By Paul Lukas Reporting by Maggie Overfelt

(FORTUNE Small Business) – In most respects it was a typical family getaway. In the summer of 1951, a 38-year-old Memphis homebuilder named Kemmons Wilson decided to take his wife and five kids on a trip to Washington, D.C. They packed into the Oldsmobile, and off they went. Says Spence Wilson, the oldest son, who was 9 at the time: "I remember the luggage flying off the roof, telling Dad, and then having him not believe me." Of course, it wasn't typical at all. It turned out to be, as author David Halberstam recounted in his book The Fifties, "the vacation that changed the face of the American road."

The Wilsons stopped at several motels on their way to D.C., and Kemmons Wilson was annoyed by the inconsistency of the accommodations--some were pleasant, others filthy. "We'd all want to stay someplace with a swimming pool--we didn't have a pool at home--and it was very, very hard to find a place with one," Spence recalls. "I remember Dad being frustrated about that and the fact that we'd have to drive a few miles down the road to eat dinner." But what really galled him was that the motor courts all charged an extra $2 a head for children. Since standard room fees were only $8 to $10 in those days, that meant Wilson's kids were doubling his lodging costs. As he saw it, he was essentially being penalized for bringing his family along on his vacation.

By the time the family reached Washington, Kemmons had grown so agitated that he made his wife a promise: He would go into the motel business and make a point of never charging extra for children. He didn't even wait to return home to get started--on the way back, he studied the motels where they stayed and measured the rooms, familiarizing himself with the industry's standards. When they got back to Memphis, he knew exactly what he wanted to do.

The advent of Holiday Inns is one of those business developments that seem inevitable--in retrospect, anyway.
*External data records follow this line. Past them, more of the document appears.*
lemma card_staircase_cover_le:
  assumes "two_cover a P"
  shows "card (staircase_cover a (\<lambda>i. card (missing_RC a P i)) (\<lambda>i. card (missing_RS a P i)))
    \<le> card P"
proof -
  have fin: "finite (missing_RC a P i)" "finite (missing_RS a P i)" for i
    using finite_subset[OF missing_RC_subset] finite_subset[OF missing_RS_subset] by auto
  have "card (\<Union>i\<in>{1..length a}. {1..card (missing_RC a P i)} \<times> {1..card (missing_RS a P i)})
    \<le> card (\<Union>i\<in>{1..length a}. missing_RC a P i \<times> missing_RS a P i)"
    using fin by (intro card_UN_Times_compress) auto
  moreover have "card (pairs_RCS
     (SIGMA i:{1..length a}. {1..a ! (i - 1)} - missing_RC a P i)
     (SIGMA i:{1..length a}. {1..a ! (i - 1)} - missing_RS a P i)
     (\<Union>i\<in>{1..length a}. missing_RC a P i \<times> missing_RS a P i)) \<le> card P"
    using two_cover_finite[OF assms] pairs_RCS_missing_subset[OF assms] by (rule card_mono)
  moreover have "card ({1..a ! (i - 1)} - missing_RC a P i) = a ! (i - 1) - card (missing_RC a P i)"
    "card ({1..a ! (i - 1)} - missing_RS a P i) = a ! (i - 1) - card (missing_RS a P i)" for i
    using card_Diff_subset[OF fin(1) missing_RC_subset] card_Diff_subset[OF fin(2) missing_RS_subset]
    by simp_all
  ultimately show ?thesis
    using fin by (simp add: card_staircase_cover card_pairs_RCS)
qed

theorem lemma5:
  fixes a :: "nat list" and P :: "vert set set"
  assumes "young a" and "two_cover a P"
  shows "\<exists>P'. two_cover a P' \<and> card P' = card P \<and> closed_down (P' \<inter> CS a)"
proof -
  define P\<^sub>0 where
    "P\<^sub>0 = staircase_cover a (\<lambda>i. card (missing_RC a P i)) (\<lambda>i. card (missing_RS a P i))"
  have "two_cover a P\<^sub>0"
    unfolding P\<^sub>0_def using assms(1) card_mono[OF _ missing_RC_subset] card_mono[OF _ missing_RS_subset]
    by (intro two_cover_staircase_cover) auto
  moreover have "card P\<^sub>0 \<le> card P"
    unfolding P\<^sub>0_def using assms(2) by (rule card_staircase_cover_le)
  moreover have "card P \<le> card (vertex_pairs a)"
    using finite_vertex_pairs two_cover_subset_vertex_pairs[OF assms(2)] by (rule card_mono)
  moreover have "closed_down (P\<^sub>0 \<inter> CS a)"
    unfolding P\<^sub>0_def by (rule closed_down_staircase_cover)
  ultimately show ?thesis
    using two_cover_closed_down_pad by blast
qed

end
As America began moving toward prosperity in the wake of World War II, several interrelated factors pointed toward an opportunity for a new kind of hostelry business model: the baby boom; the rise of the suburban middle class; the increasing American love affair with the automobile and the open road; and the explosion of chain brands in the service sector. Kemmons Wilson wasn't necessarily thinking about all (or any) of these societal shifts at the time."All I ever wanted to do was to bring standardization to the hotel industry so people would know exactly what to expect," he told FSB shortly before his death two months ago at age 90. Wilson's fresh approach and freewheeling entrepreneurial style let him accomplish far more than his initial dream of 400 hotels.

Back in Memphis, Wilson prepared some specifications, turned them over to a draftsman named Eddie Bluestein, and asked him to draw up plans. Bluestein delivered his renderings a few days later. In one of those too-perfect junctures that transcend anecdote and enter the realm of legend, across the top of the drawings he'd written Holiday Inn, the title of a Bing Crosby movie he'd seen the previous night. Wilson liked the name, and the renderings too. He picked a site on the road leading into town from Nashville, the first indication of how he picked locations. "Wilson literally developed the concept of having places at various intersections around and leading into cities," says Dr. Ronald Nykiel, chairman of the Hospitality Industry Hall of Honor and a former Holiday Inn employee in the 1970s. Wilson then took out a $325,000 loan to cover costs--too much, as it turned out, as he came in $45,000 under budget--and in August 1952, exactly a year after the Washington trip, the first Holiday Inn opened.

If that all seems rather quick, well, Kemmons Wilson was someone who got things done. A classic self-made American go-getter, he was a high school dropout with a thick Southern drawl and a knack for entrepreneurship (see box below). At age 17 he'd persuaded a Memphis movie theater manager to let him set up a popcorn concession, which turned out to be so successful that the manager bought him out (popcorn remained a lifelong favorite snack). Wilson used the proceeds to buy pinball machines, used the profits from those to buy himself a house, and then borrowed against the house to buy a Wurlitzer jukebox distributorship. He was enthusiastic about that business--so much so, in fact, that he took his wife to a Wurlitzer convention on their honeymoon--but he was intrigued by how simple it had been to use the house for financing. The big money, he determined, was in real estate and homebuilding. By the eve of World War II, he was among the top builders in Memphis, a position he solidified after the war ended, when the countless GIs returning home spurred a housing boom.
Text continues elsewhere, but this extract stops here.